Creating New Environments
Environments are created based on world templates using Advanced Slime Paper’s clone()
method. Templates are stored with each server and updated in the CI/CD pipeline. This allows for fast cloning with environment worlds loading within 70ms
and being active within 200ms
across the network.
Crash Recovery
Meteor can fully recover from a server crash within 2s to 3s
. In the event of a crash, players are automatically routed to a limbo server. Then, the Meteor Proxy uses a heartbeat message with Redis Pub/Sub to detect if an outage occurs, and it will automatically recreate the crashed environments on different servers. Players will only experience a loading screen for a few moments and then will be moved to the new environment in the exact location they were in last.
Load Balancer & Scaling
The most important aspect of scaling with Meteor is the load-balancer. Meteor uses a weight-based approach to distributing environments across a network. The proxy manages where players travel on the network by using Redis Pub/Sub to talk to environment servers. After determining the best server, the proxy sends a message to the identified server and asks it to create a new environment. After the environment is created, the proxy is notified and routes the player to the correct location on the network.
Weighted Distribution
Meteor uses a weight-based strategy to find the best server. Weight is determined based on total server player count, performance, and uptime. All attributes are calculated into a single number, and the server with the smallest number is chosen for the next deployment.
Network Architecture
Meteor networks are designed to leverage the power of environments. Instead of creating individual servers for each game, networks using Meteor consist of multiple environment servers and meteor proxies. This allows administrators to save money by consolidating the number of servers needed.
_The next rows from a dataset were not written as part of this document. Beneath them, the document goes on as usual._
lemma closed_walk_mod:
  assumes "closed_walk R q l" "0 < l"
  shows "R (q (j mod l)) (q (Suc j mod l))"
proof (cases "Suc (j mod l) = l")
  case True
  then have "Suc j mod l = 0" by (metis mod_Suc)
  then show ?thesis using assms True by (metis lessI closed_walk_def)
next
  case False
  then have "Suc j mod l = Suc (j mod l)" by (metis mod_Suc)
  then show ?thesis using assms by (simp add: closed_walk_def)
qed

lemma card_mod_periodic:
  "card {v. v < k * l \<and> P (v mod l)} = k * card {j. j < l \<and> P j}"
proof (induction k)
  case (Suc k)
  have "{v. v < Suc k * l \<and> P (v mod l)}
      = {v. v < k * l \<and> P (v mod l)} \<union> (\<lambda>j. k * l + j) ` {j. j < l \<and> P j}"
  proof (intro set_eqI iffI)
    fix v assume v: "v \<in> {v. v < Suc k * l \<and> P (v mod l)}"
    show "v \<in> {v. v < k * l \<and> P (v mod l)} \<union> (\<lambda>j. k * l + j) ` {j. j < l \<and> P j}"
    proof (cases "v < k * l")
      case False
      then obtain j where "v = k * l + j" by (metis le_iff_add not_less)
      then show ?thesis using v by auto
    qed (use v in auto)
  qed auto
  moreover have "card ({v. v < k * l \<and> P (v mod l)} \<union> (\<lambda>j. k * l + j) ` {j. j < l \<and> P j})
      = card {v. v < k * l \<and> P (v mod l)} + card ((\<lambda>j. k * l + j) ` {j. j < l \<and> P j})"
    by (rule card_Un_disjoint) auto
  moreover have "card ((\<lambda>j. k * l + j) ` {j. j < l \<and> P j}) = card {j. j < l \<and> P j}"
    by (rule card_image) (auto simp: inj_on_def)
  ultimately show ?case
    using Suc by simp
qed simp

text \<open>Each \<open>False\<close> is followed (cyclically) by a \<open>True\<close>; injectivity of the successor map
  gives at least as many \<open>True\<close>s as \<open>False\<close>s, and odd length makes the inequality strict.\<close>

lemma card_true_cyclic_no_two_false:
  assumes "odd l" "\<And>j. \<not> b (j mod l) \<Longrightarrow> b (Suc j mod l)"
  shows "l + 1 \<le> 2 * card {j. j < l \<and> b j}"
proof -
  let ?F = "{j. j < l \<and> \<not> b j}" and ?T = "{j. j < l \<and> b j}"
  have "l > 0" using assms(1) by (intro odd_pos)
  have "card ?F \<le> card ?T"
  proof (rule card_inj_on_le)
    show "inj_on (\<lambda>j. Suc j mod l) ?F"
    proof (rule inj_onI)
      fix x y assume "x \<in> ?F" "y \<in> ?F" "Suc x mod l = Suc y mod l"
      then show "x = y"
        by (cases "Suc x = l"; cases "Suc y = l") auto
    qed
    show "(\<lambda>j. Suc j mod l) ` ?F \<subseteq> ?T"
      using assms(2) \<open>l > 0\<close> by fastforce
  qed simp
  moreover have "card ?F + card ?T = l"
  proof -
    have "card (?F \<union> ?T) = card ?F + card ?T" by (rule card_Un_disjoint) auto
    moreover have "?F \<union> ?T = {..<l}" by auto
    ultimately show ?thesis by simp
  qed
  ultimately have "l \<le> 2 * card ?T" by linarith
  moreover have "l \<noteq> 2 * card ?T" using assms(1) by (metis dvd_triv_left)
  ultimately show ?thesis by linarith
qed

type_synonym view = "bool list \<times> bool list"

text \<open>A state of a walk along a cycle is the pair of views (label, output) of a node's
  predecessor and of the node itself; \<open>view_step D\<close> holds between consecutive states when
  the middle node is accepted by \<open>D\<close>, covered, and agrees with its successor on their edge.\<close>

definition view_step :: "verifier \<Rightarrow> view \<times> view \<Rightarrow> view \<times> view \<Rightarrow> bool" where
  "view_step D = (\<lambda>((lp, _), (lv, ov)) (u, (ls, os)).
     u = (lv, ov) \<and> D ov lv [lp, ls] \<and> ov ! 1 = os ! 0 \<and> (ov ! 0 \<or> ov ! 1))"

definition cycle_state :: "nat \<Rightarrow> (nat \<Rightarrow> bool list) \<Rightarrow> (nat \<Rightarrow> bool list) \<Rightarrow> nat \<Rightarrow> view \<times> view" where
  "cycle_state n L Out i =
     (let v = i mod n in ((L (cyc_prev n v), Out (cyc_prev n v)), (L v, Out v)))"

lemma closed_walk_cycle_state:
  assumes "0 < n" "ec_feasible {..<n} (cyc_nb n) Out" "accepts D {..<n} (cyc_nb n) Out L"
  shows "closed_walk (view_step D) (cycle_state n L Out) n"
  unfolding closed_walk_def
proof (intro conjI allI impI)
  fix i
  define v where "v = i mod n"
  have v: "v < n" using assms(1) by (simp add: v_def)
  have "D (Out v) (L v) [L (cyc_prev n v), L (cyc_next n v)]"
    using assms(3) v by (simp add: accepts_def cyc_nb_def)
  moreover have "cycle_state n L Out (Suc i) = ((L v, Out v), (L (cyc_next n v), Out (cyc_next n v)))"
    using assms(1) by (simp add: cycle_state_def Let_def v_def cyc_prev_Suc_mod cyc_next_mod)
  ultimately show "view_step D (cycle_state n L Out i) (cycle_state n L Out (Suc i))"
    using ec_feasible_cycleD[OF assms(2) v] by (simp add: view_step_def cycle_state_def Let_def v_def)
qed (simp add: cycle_state_def)

definition bounded_views :: "nat \<Rightarrow> view set" where
  "bounded_views s = {(lab, out). length lab \<le> s \<and> length out = 2}"

lemma finite_bounded_views: "finite (bounded_views s)"
  and card_bounded_views_le: "card (bounded_views s) \<le> 2 ^ (s + 3)"
proof -
  let ?Lab = "{xs. set xs \<subseteq> (UNIV :: bool set) \<and> length xs \<le> s}"
    and ?Out = "{xs. set xs \<subseteq> (UNIV :: bool set) \<and> length xs = 2}"
  have eq: "bounded_views s = ?Lab \<times> ?Out" by (auto simp: bounded_views_def)
  show "finite (bounded_views s)"
    unfolding eq by (intro finite_cartesian_product finite_lists_length_le finite_lists_length_eq) auto
  have "card ?Lab = (\<Sum>i=0..<Suc s. 2 ^ i)"
    using card_lists_length_le[of "UNIV :: bool set" s]
    by (simp add: atLeast0LessThan lessThan_Suc_atMost)
  also have "\<dots> \<le> 2 ^ (s + 1)" by (simp add: sum_power2)
  finally have "card ?Lab \<le> 2 ^ (s + 1)" .
  moreover have "card ?Out = 4"
    using card_lists_length_eq[of "UNIV :: bool set" 2] by simp
  ultimately have "card ?Lab * card ?Out \<le> 2 ^ (s + 1) * 4"
    by simp
  then show "card (bounded_views s) \<le> 2 ^ (s + 3)"
    by (simp add: eq card_cartesian_product power_add)
qed

lemma cycle_state_bounded:
  assumes "0 < n" "ec_feasible {..<n} (cyc_nb n) Out" "\<And>v. v < n \<Longrightarrow> length (L v) \<le> s"
  shows "cycle_state n L Out i \<in> bounded_views s \<times> bounded_views s"
  using assms ec_feasible_cycleD(1)[OF assms(2)] cyc_prev_less[of "i mod n" n]
  by (simp add: cycle_state_def bounded_views_def Let_def)

lemma view_step_iff:
  "view_step D x y \<longleftrightarrow> fst y = snd x \<and> D (snd (snd x)) (fst (snd x)) [fst (fst x), fst (snd y)]
     \<and> snd (snd x) ! 1 = snd (snd y) ! 0 \<and> (snd (snd x) ! 0 \<or> snd (snd x) ! 1)"
  by (simp add: view_step_def split_beta)

lemma accepts_unrolled_walk:
  assumes walk: "closed_walk (view_step D) q l" and "0 < l" "l dvd n" "0 < n"
  shows "accepts D {..<n} (cyc_nb n) (\<lambda>v. snd (snd (q (v mod l)))) (\<lambda>v. fst (snd (q (v mod l))))"
  unfolding accepts_def
proof
  fix v assume "v \<in> {..<n}"
  then have v: "v < n" by simp
  define g where "g j = q (j mod l)" for j
  have step: "view_step D (g j) (g (Suc j))" for j
    unfolding g_def by (rule closed_walk_mod[OF walk \<open>0 < l\<close>])
  have g_mod: "g (j mod n) = g j" for j
    using \<open>l dvd n\<close> by (simp add: g_def mod_mod_cancel)
  have "cyc_next n (cyc_prev n v) = Suc (cyc_prev n v) mod n"
    using cyc_next_mod[OF \<open>0 < n\<close>, of "cyc_prev n v"] cyc_prev_less[OF v] by simp
  then have "g (Suc (cyc_prev n v)) = g v"
    using g_mod cyc_next_prev[OF v] by metis
  then have "fst (snd (g (cyc_prev n v))) = fst (fst (g v))"
    using step[of "cyc_prev n v"] by (simp add: view_step_iff)
  moreover have "g (cyc_next n v) = g (Suc v)"
    using g_mod cyc_next_mod[OF \<open>0 < n\<close>, of v] v by simp
  moreover have "D (snd (snd (g v))) (fst (snd (g v))) [fst (fst (g v)), fst (snd (g (Suc v)))]"
    using step[of v] unfolding view_step_iff by blast
  ultimately show "D (snd (snd (q (v mod l)))) (fst (snd (q (v mod l))))
      (map (\<lambda>v. fst (snd (q (v mod l)))) (cyc_nb n v))"
    by (simp add: cyc_nb_def g_def)
qed
lemma ip_w_rank_one_w:
  assumes "m \<in> K" "m' \<in> K" "fst (snd m) = fst (snd m')"
  shows "ip (w i) (act (y m) (ip (y m') (w j))) = kraus_gen (m, m') i j"
proof -
  have "ip (w i) (act (y m) (ip (y m') (w j))) = ip (y m') (w j) ** cadj (ip (y m) (w i))"
    by (simp add: ip_act_right)
  also have "\<dots> = theta (Ee m' j) (ref_vec m') ** theta (ref_vec m) (Ee m i)"
    using assms by (simp add: ip_y_w cadj_theta)
  finally show ?thesis
    using assms(3) by (simp add: kraus_gen_def ref_vec_def theta_axis_mult_theta)
qed

lemma msc_block_entry_kraus_gen_eq_0:
  assumes "m \<in> K" "m' \<in> K" "fst (snd m) \<noteq> fst (snd m')" "Z \<in> balg bout"
  shows "msc (Z $ block_rep (fst (snd m')) $ block_rep (fst (snd m))) (kraus_gen (m, m') i j) = 0"
proof (cases "Ee m' j = 0 \<or> Ee m i = 0")
  case True
  then show ?thesis
    by (auto simp: kraus_gen_def vec_eq_iff)
next
  case False
  then obtain r r' where "Ee m' j $ r' \<noteq> 0" "Ee m i $ r \<noteq> 0"
    by (auto simp: vec_eq_iff)
  then have "bout (block_rep (fst (snd m'))) \<noteq> bout (block_rep (fst (snd m)))"
    using block_Ee(2) assms by metis
  then have "Z $ block_rep (fst (snd m')) $ block_rep (fst (snd m)) = 0"
    using assms(4) by (simp add: balg_iff)
  then show ?thesis
    by (simp add: vec_eq_iff)
qed

lemma ip_w_adjointable_w_in_span:
  assumes adj: "adjointable T T'"
  shows "\<exists>c. \<forall>i j. ip (w i) (T (w j)) = (\<Sum>p\<in>same_block_pairs. msc (c p) (kraus_gen p i j))"
proof -
  define a where "a m j = theta (Ee m j) (ref_vec m)" for m j
  have a: "m \<in> K \<Longrightarrow> a m j \<in> balg bout" for m j
    unfolding a_def by (rule theta_balg[OF Ee_supported ref_vec_supported])
  define Z where "Z m m' = ip (y m) (T (y m'))" for m m'
  define c where "c p = Z (fst p) (snd p) $ block_rep (fst (snd (snd p))) $ block_rep (fst (snd (fst p)))"
    for p
  have "ip (w i) (T (w j)) = (\<Sum>p\<in>same_block_pairs. msc (c p) (kraus_gen p i j))" for i j
  proof -
    have "T (w j) = (\<Sum>m\<in>K. act (T (y m)) (a m j))"
      unfolding w_expand[of j] a_def[symmetric] using a by (rule adjointable_module_map[OF adj])
    then have "ip (w i) (T (w j)) =
        ip (\<Sum>m\<in>K. act (y m) (a m i)) (\<Sum>m'\<in>K. act (T (y m')) (a m' j))"
      by (simp add: w_expand[of i] a_def)
    also have "\<dots> = (\<Sum>m'\<in>K. \<Sum>m\<in>K. a m' j ** (Z m m' ** cadj (a m i)))"
      using a by (simp add: ip_sum_left ip_sum_right ip_act_left ip_act_right Z_def
          matrix_mult_sum_left)
    also have "\<dots> = (\<Sum>p\<in>K \<times> K. msc (c p) (kraus_gen p i j))"
      by (subst sum.swap) (simp add: sum.cartesian_product a_def ref_vec_def cadj_theta
          matrix_mul_assoc theta_axis_mult_mult_theta c_def kraus_gen_def split_def)
    also have "\<dots> = (\<Sum>p\<in>same_block_pairs. msc (c p) (kraus_gen p i j))"
    proof (rule sum.mono_neutral_right)
      show "finite (K \<times> K)"
        using finite_K by simp
      show "\<forall>p\<in>K \<times> K - same_block_pairs. msc (c p) (kraus_gen p i j) = 0"
      proof
        fix p assume "p \<in> K \<times> K - same_block_pairs"
        then have "fst p \<in> K" "snd p \<in> K" "fst (snd (fst p)) \<noteq> fst (snd (snd p))"
          by (auto simp: same_block_pairs_def)
        then show "msc (c p) (kraus_gen p i j) = 0"
          using msc_block_entry_kraus_gen_eq_0[of "fst p" "snd p" "Z (fst p) (snd p)" i j]
          by (simp add: c_def Z_def)
      qed
    qed (auto simp: same_block_pairs_def)
    finally show ?thesis .
  qed
  then show ?thesis
    by blast
qed

lemma kraus_gen_balg:
  assumes "p \<in> same_block_pairs"
  shows "kraus_gen p i j \<in> balg bout"
proof -
  have "fst p \<in> K" "snd p \<in> K" "fst (snd (fst p)) = fst (snd (snd p))"
    using assms by (auto simp: same_block_pairs_def)
  then show ?thesis
    unfolding kraus_gen_def by (metis theta_balg Ee_supported)
qed
lemma nn_integral_Ln_sq_tail_eq_laplace:
  assumes "0 < \<theta>" "3 \<le> n"
  shows "(\<integral>\<^sup>+ x. (Ln \<theta> n x)\<^sup>2 * indicator {x. Mn n x \<in> {b..}} x \<partial>Qn \<theta> n) =
     (\<integral>\<^sup>+p. ennreal (laplace_const n / \<theta>\<^sup>2 * exp (- (real n - 2) * second_moment_rate_AT \<theta> p)
       * second_moment_weight \<theta> p) * indicator {p. b \<le> fst p + snd p} p \<partial>lborel)"
proof -
  have eq0: "ennreal (AT_density \<theta> n p) * ennreal ((exp (- (1 - \<theta>) * (real n * fst p)) / \<theta> ^ (n - 1))\<^sup>2) =
      ennreal (laplace_const n / \<theta>\<^sup>2 * exp (- (real n - 2) * second_moment_rate_AT \<theta> p)
        * second_moment_weight \<theta> p)" for p
    using AT_density_mult_lr_sq[OF assms(2,1), of p] assms(1)
    by (simp add: ennreal_mult[symmetric] AT_density_def)
  have eq: "ennreal (AT_density \<theta> n p) * (ennreal ((exp (- (1 - \<theta>) * (real n * fst p)) / \<theta> ^ (n - 1))\<^sup>2)
      * indicator {p. b \<le> fst p + snd p} p) =
      ennreal (laplace_const n / \<theta>\<^sup>2 * exp (- (real n - 2) * second_moment_rate_AT \<theta> p)
        * second_moment_weight \<theta> p) * indicator {p. b \<le> fst p + snd p} p" for p
    by (simp only: mult.assoc[symmetric, of "ennreal (AT_density \<theta> n p)"] eq0)
  have "2 \<le> n" using assms by simp
  then show ?thesis
    by (simp only: nn_integral_Ln_sq_tail[OF assms(1)] eq)
qed
(* Let $B_1$ and $B_2$ be bouquets whose signed intersection graphs $SI(B_1)$ and $SI(B_2)$ are isomorphic (via a graph isomorphism preserving signs). Then $P_\bullet(B_1,x)=P_\bullet(B_2,x)$ for every $\bullet\in\{\langle\delta\rangle,\langle\delta\tau\rangle,\langle\tau\delta\tau\rangle,\langle\delta,\tau\rangle\}$.
   Context: A ribbon graph $G=(V(G),E(G))$ is a (orientable or non-orientable) surface with boundary, represented as the union of a set $V(G)$ of vertex discs and a set $E(G)$ of edge discs (ribbons) such that vertices and edges intersect in disjoint line segments, each such segment lies on the boundary of exactly one vertex and exactly one edge, and every edge contains exactly two such segments. $v(G)$ denotes the number of vertices. A bouquet is a ribbon graph with exactly one vertex. A loop is non-orientable if the ribbon together with its vertex forms a Möbius band, and orientable otherwise. Two loops of a bouquet are interlaced if their ends alternate in the cyclic order around the vertex boundary. The intersection graph $I(B)$ of a bouquet $B$ has vertex set $E(B)$, two vertices adjacent iff the loops are interlaced; the signed intersection graph $SI(B)$ is $I(B)$ with each vertex signed $+$ if the loop is orientable and $-$ if non-orientable. For $A\subseteq E(G)$, the partial dual $G^{\delta(A)}$ is obtained by gluing a disc along each boundary component of the spanning ribbon subgraph $(V(G),A)$ (these discs become the vertex discs), removing the interiors of the original vertex discs, and keeping the edge ribbons. The partial Petrial $G^{\tau(A)}$ adds a half-twist to each edge in $A$. For a word $w=w_1\cdots w_n$ over $\{\delta,\tau\}$, $G^{w(A)}=(\cdots(G^{w_n(A)})^{w_{n-1}(A)}\cdots)^{w_1(A)}$ (rightmost letter applied first), $G^{1(A)}=G$, and $G^{\xi(A)\pi(B)}=(G^{\xi(A)})^{\pi(B)}$. Vertex polynomials (sums over ordered partitions of $E(G)$ into pairwise disjoint, possibly empty parts): $P_{\langle\delta\rangle}(G,x)=\sum_{A\subseteq E(G)}x^{v(G^{\delta(A)})}$; $P_{\langle\tau\delta\tau\rangle}(G,x)=\sum_{A\subseteq E(G)}x^{v(G^{\tau\delta\tau(A)})}$; $P_{\langle\delta\tau\rangle}(G,x)=\sum_{(A_1,A_2,A_3)}x^{v(G^{1(A_1)\tau\delta(A_2)\delta\tau(A_3)})}$; $P_{\langle\delta,\tau\rangle}(G,x)=\sum_{(A_1,\dots,A_6)}x^{v(G^{1(A_1)\delta(A_2)\tau(A_3)\tau\delta(A_4)\delta\tau(A_5)\tau\delta\tau(A_6)})}$. *)

theory Defs
  imports "HOL-Computational_Algebra.Polynomial" "HOL-Library.FuncSet"
begin

text \<open>Combinatorial model of ribbon graphs: graph-encoded maps (gems).
A ribbon graph is given by a finite set of flags with three fixed-point-free
involutions r0 (changes vertex), r1 (changes edge), r2 (changes side/face),
such that r0 and r2 commute and r0 x differs from r2 x.
Vertices without any incident edge are not visible in flags, so they are counted
separately by the field isov.\<close>

record 'f rg =
  flags :: "'f set"
  r0 :: "'f \<Rightarrow> 'f"
  r1 :: "'f \<Rightarrow> 'f"
  r2 :: "'f \<Rightarrow> 'f"
  isov :: nat

definition fpf_invol :: "'f set \<Rightarrow> ('f \<Rightarrow> 'f) \<Rightarrow> bool" where
  "fpf_invol X f \<longleftrightarrow> (\<forall>x\<in>X. f x \<in> X \<and> f (f x) = x \<and> f x \<noteq> x)"

definition ribbon_graph :: "'f rg \<Rightarrow> bool" where
  "ribbon_graph G \<longleftrightarrow> finite (flags G)
     \<and> fpf_invol (flags G) (r0 G) \<and> fpf_invol (flags G) (r1 G) \<and> fpf_invol (flags G) (r2 G)
     \<and> (\<forall>x\<in>flags G. r0 G (r2 G x) = r2 G (r0 G x) \<and> r0 G x \<noteq> r2 G x)"

definition orbit_of :: "('f \<Rightarrow> 'f) set \<Rightarrow> 'f \<Rightarrow> 'f set" where
  "orbit_of fs x = {y. (x, y) \<in> {(z, f z) | z f. f \<in> fs}\<^sup>*}"

definition vertices :: "'f rg \<Rightarrow> 'f set set" where
  "vertices G = {orbit_of {r1 G, r2 G} x | x. x \<in> flags G}"

definition edges :: "'f rg \<Rightarrow> 'f set set" where
  "edges G = {orbit_of {r0 G, r2 G} x | x. x \<in> flags G}"

definition nv :: "'f rg \<Rightarrow> nat" where
  "nv G = card (vertices G) + isov G"
lemma card_complements_containing:
  assumes "\<forall>b\<in>B. b \<subseteq> A" "i \<in> A"
  shows "card {S\<in>(\<lambda>b. A - b) ` B. i \<in> S} = card {b\<in>B. i \<notin> b}"
proof -
  have "inj_on (\<lambda>b. A - b) B"
    using assms(1) by (intro inj_onI) (metis double_diff order_refl)
  moreover have "{S\<in>(\<lambda>b. A - b) ` B. i \<in> S} = (\<lambda>b. A - b) ` {b\<in>B. i \<notin> b}"
    using assms(2) by auto
  ultimately show ?thesis
    by (simp add: card_image inj_on_subset)
qed

lemma steiner_block_code:
  assumes st: "steiner_system t k n {1..n} B"
    and q: "real ((n - 1) choose (t - 1)) / real ((k - 1) choose (t - 1)) + 1 \<le> real q"
  shows "\<exists>C. is_code q n k (2*k - t + 1) C
           \<and> real (card C) = real (n choose t) / real (k choose t)
           \<and> card C * card (anticode1 q n k t) = card (Jq q n k)
           \<and> supp n ` C = B"
proof -
  note st' = steiner_systemD[OF st]
  have blocks: "\<forall>b\<in>B. b \<subseteq> {1..n} \<and> card b = k"
    using st'(6,7) by blast
  have through: "\<forall>i\<in>{1..n}. card {b\<in>B. i \<in> b} < q"
    using steiner_card_blocks_through_real[OF st] q by fastforce
  have far: "\<forall>b\<in>B. \<forall>b'\<in>B. b \<noteq> b' \<longrightarrow> 2*k - t + 1 \<le> card (b \<union> b')"
  proof (intro ballI impI)
    fix b b' assume bb': "b \<in> B" "b' \<in> B" "b \<noteq> b'"
    then have "finite b" "finite b'"
      using blocks finite_subset by blast+
    then have "card (b \<union> b') + card (b \<inter> b') = k + k"
      using card_Un_Int[of b b'] blocks bb' by simp
    then show "2*k - t + 1 \<le> card (b \<union> b')"
      using steiner_card_Int_blocks_less[OF st bb'] st'(2) by linarith
  qed
  obtain C where C: "is_code q n k (2*k - t + 1) C" "card C = card B" "supp n ` C = B"
    using code_with_supports[OF steiner_system_finite_blocks[OF st]
        steiner_two_le_card_blocks[OF st] blocks through far] by blast
  moreover have "1 \<le> q"
    using through st'(3) by fastforce
  ultimately show ?thesis
    using C steiner_anticode1_bound[OF st] steiner_card_blocks_real[OF st] by auto
qed
lemma Rset_frequently_close:
  assumes "\<mu> \<in> Rset z T"
  shows "\<exists>\<^sub>F n in sequentially. dnorm z (fdiff \<mu> ((T ^^ n) \<mu>)) < 1"
proof (rule ccontr)
  assume "\<not> ?thesis"
  then have "\<forall>\<^sub>F n in sequentially. ereal 1 \<le> ereal (dnorm z (fdiff \<mu> ((T ^^ n) \<mu>)))"
    by (simp add: not_frequently not_less)
  then have "ereal 1 \<le> liminf (\<lambda>n. ereal (dnorm z (fdiff \<mu> ((T ^^ n) \<mu>))))"
    by (rule Liminf_bounded)
  with assms show False by (simp add: Rset_def)
qed

lemma recurrent_comb_not_escaping:
  assumes T: "bounded_linear_on_Free z T" "\<forall>x. T (delta z x) = delta z (f x)"
    and "finite J" and zero: "\<forall>S\<subseteq>J. sum a S = 0 \<longrightarrow> sum \<gamma> S = 0"
    and "comb z J a P \<in> Rset z T"
  shows "comb z J \<gamma> P \<notin> Aset z T"
proof
  assume escaping: "comb z J \<gamma> P \<in> Aset z T"
  obtain m where m: "0 < m" "\<forall>S\<subseteq>J. sum a S \<noteq> 0 \<longrightarrow> m \<le> \<bar>sum a S\<bar>"
    using subset_sums_gap[OF \<open>finite J\<close>] by blast
  define w where "w = comb z J a P"
  define K where "K = (real (card J ^ 2) + 1) * ((dnorm z w + 1) / m + 1) * (\<Sum>k\<in>J. \<bar>\<gamma> k\<bar>)"
  have bounded: "dnorm z ((T ^^ n) (comb z J \<gamma> P)) \<le> K"
    if close: "dnorm z (fdiff w ((T ^^ n) w)) < 1" for n
  proof -
    have orbit: "(T ^^ n) (comb z J c P) = comb z J c ((f ^^ n) \<circ> P)" for c
      by (rule bounded_linear_on_Free_funpow_comb[OF T \<open>finite J\<close>])
    have "dbounded z w" unfolding w_def by (intro Free_dbounded comb_in_Free \<open>finite J\<close>)
    moreover have "dbounded z ((T ^^ n) w)"
      unfolding w_def orbit by (intro Free_dbounded comb_in_Free \<open>finite J\<close>)
    ultimately have "dnorm z ((T ^^ n) w) \<le> dnorm z w + 1"
      using dnorm_le_add_dnorm_fdiff[of z w] dbounded_fdiff close by fastforce
    then show ?thesis unfolding K_def orbit
      by (intro dnorm_comb_le_of_subset_sums[OF \<open>finite J\<close> m zero]) (simp add: w_def orbit)
  qed
  have "\<exists>\<^sub>F n in sequentially. dnorm z (fdiff w ((T ^^ n) w)) < 1"
    using Rset_frequently_close assms(5) by (simp add: w_def)
  moreover have "\<forall>\<^sub>F n in sequentially. K + 1 \<le> dnorm z ((T ^^ n) (comb z J \<gamma> P))"
    using escaping by (simp add: Aset_def filterlim_at_top)
  ultimately have "\<exists>\<^sub>F n in sequentially. False"
    by (rule frequently_eventually_frequently[THEN frequently_mono[rotated]])
       (use bounded in fastforce)
  then show False by simp
qed

lemma free_interior_meets_delta_span:
  assumes "\<mu>\<^sub>0 \<in> free_interior z X"
  obtains \<mu> where "\<mu> \<in> delta_span z" "\<mu> \<in> X"
proof -
  obtain \<epsilon> where \<epsilon>: "\<mu>\<^sub>0 \<in> Free z" "0 < \<epsilon>" "\<forall>\<nu>\<in>Free z. dnorm z (fdiff \<nu> \<mu>\<^sub>0) < \<epsilon> \<longrightarrow> \<nu> \<in> X"
    using assms unfolding free_interior_def by blast
  obtain \<mu> where \<mu>: "\<mu> \<in> delta_span z" "dnorm z (fdiff \<mu>\<^sub>0 \<mu>) < \<epsilon>"
    using \<epsilon>(1,2) unfolding Free_def by blast
  have "\<mu> \<in> X"
    using \<mu> \<epsilon>(3) delta_span_subset_Free dnorm_fdiff_commute[of z \<mu>\<^sub>0 \<mu>] by auto
  with \<mu>(1) show ?thesis by (rule that)
qed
Fixed number of servers for every game.
Dynamic number of servers shared between each game.
Limbo Server
The limbo server acts as a fallback for all players without a destination. After a player joins the limbo server, its goal is to get the user routed out as quickly as possible. Players stay in the limbo server until their destination is available. The most common reasons a player goes to a limbo server are when an environment doesn’t exist when the user joins or when a server crashes.
Meteor Proxy Plugin
The Meteor proxy plugin serves as the orchestrator of a network. The proxy plugin is responsible for routing users, requesting the creation and deletion of environments, and detecting and recovering from crashes.
Environment Server Plugin
The environment plugin is responsible for creating, deleting, and managing environments on the server it runs on. The environment plugin also hides player actions and reports metrics to the proxy.
Pterodactyl CI/CD
Meteor uses GitSync, a tool I developed for Pterodactyl Panel that syncs game server deployments to a GitHub repository. Although not limited to Pterodactyl with GitSync, it allows for the deployment of development networks, the ability to sync all servers to the same version, and rolling updates with no downtime.